Auf der Karte ist gut zu sehen, wie enorm die Siedlungsflächen rund um die archäologischen Stätten in den letzten 30 Jahren gewachsen sind. Überall in den Neubauvierteln gibt es noch einzelne nicht überbaute Parzellen, die aus überwiegend spekulativen Gründen vorerst unbebaut bleiben.

Tourismusentwicklung

Der Tourismus ist für Ägypten einer der wichtigsten Devisenbringer und daher für die wirtschaftliche Entwicklung von größter Bedeutung. Die Branche hat jedoch infolge der Unruhen seit der Revolution von 2011 enorm gelitten. Wurden 2010 noch 14,7 Millionen Touristen gezählt, waren es 2013 nur noch 9,4 Millionen. Die Auslastung der Hotels in Kairo betrug im IV. Quartal 2013 nur rund 20 Prozent.

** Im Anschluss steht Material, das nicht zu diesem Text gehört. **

(* Let $\lambda_1\ge\lambda_2\ge\lambda_3>\lambda_4=0$ with $\lambda_1+\lambda_2+\lambda_3=1$, and let $$\rho_{\vec\lambda}=\lambda_1\Phi_1+\lambda_2|01\rangle\langle01|+\lambda_3\Phi_2,\qquad \sigma_{\vec\lambda}=\lambda_1\Phi_1+\lambda_2\Phi_2+\lambda_3\Phi_3.$$ If $2\lambda_1-\lambda_2>1$ and $\lambda_2>\lambda_3$, then there exists no non-entangling map $\Lambda:\mathcal{D}\to\mathcal{D}$ such that $\Lambda(\rho_{\vec\lambda})=\sigma_{\vec\lambda}$.
   Context: $\mathcal{D}$ is the set of two-qubit density matrices on $\mathbb{C}^2\otimes\mathbb{C}^2$ (Hermitian, positive semidefinite, trace one $4\times4$ matrices), written in the computational basis $\{|ij\rangle\}_{i,j\in\{0,1\}}$. The Bell vectors are $|\Phi_1\rangle=\frac{1}{\sqrt2}(|00\rangle+|11\rangle)$, $|\Phi_2\rangle=\frac{1}{\sqrt2}(|00\rangle-|11\rangle)$, $|\Phi_3\rangle=\frac{1}{\sqrt2}(|10\rangle+|01\rangle)$, $|\Phi_4\rangle=\frac{1}{\sqrt2}(|10\rangle-|01\rangle)$, and $\Phi_i=|\Phi_i\rangle\langle\Phi_i|$. A state is separable if it is a convex combination of product states $|\phi\rangle\langle\phi|\otimes|\chi\rangle\langle\chi|$. A map $\Lambda:\mathcal{D}\to\mathcal{D}$ is non-entangling (NE) if it is completely positive and trace preserving and maps every separable state to a separable state. *)

theory Defs
  imports "Jordan_Normal_Form.Matrix"
begin

text \<open>Two-qubit operators are 4x4 complex matrices (JNF type complex mat) in the
computational basis; the basis vector |ij> has index 2*i + j (i, j in {0,1}).
Vectors are given as functions nat => complex (only indices below the dimension matter).\<close>

definition psd :: "nat \<Rightarrow> complex mat \<Rightarrow> bool" where
  "psd n A \<longleftrightarrow> A \<in> carrier_mat n n
     \<and> (\<forall>i<n. \<forall>j<n. A $$ (i,j) = cnj (A $$ (j,i)))
     \<and> (\<forall>v :: nat \<Rightarrow> complex.
          Im (\<Sum>i<n. \<Sum>j<n. cnj (v i) * A $$ (i,j) * v j) = 0
        \<and> Re (\<Sum>i<n. \<Sum>j<n. cnj (v i) * A $$ (i,j) * v j) \<ge> 0)"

Von diesem Einbruch ist auch Gizeh, wo der Tourismus eine der wichtigsten Einnahmequellen ist, stark betroffen, weil es hier eine große Zahl von Hotels, Reitställen, Souvenirgeschäften und weiteren Angeboten gibt, die einseitig auf die Nachfrage von Urlaubsgästen ausgerichtet sind. Die von Touristen besuchte Zone ist eng begrenzt, Kontakte zwischen Urlaubsgästen und den Menschen in den Wohnvierteln von Gizeh gibt es kaum.

Gegenwärtig entsteht in unmittelbarer Nähe zu den Pyramiden der Neubau des Großen Ägyptischen Museums (GEM), um den Platzmangel in den Museen Kairos zu mildern und deutlich mehr Objekte präsentieren zu können. Mit rund 15 000 Besucherinnen und Besuchern pro Tag soll es eine der Hauptattraktionen Kairos und Ägyptens werden und den Tourismus ankurbeln.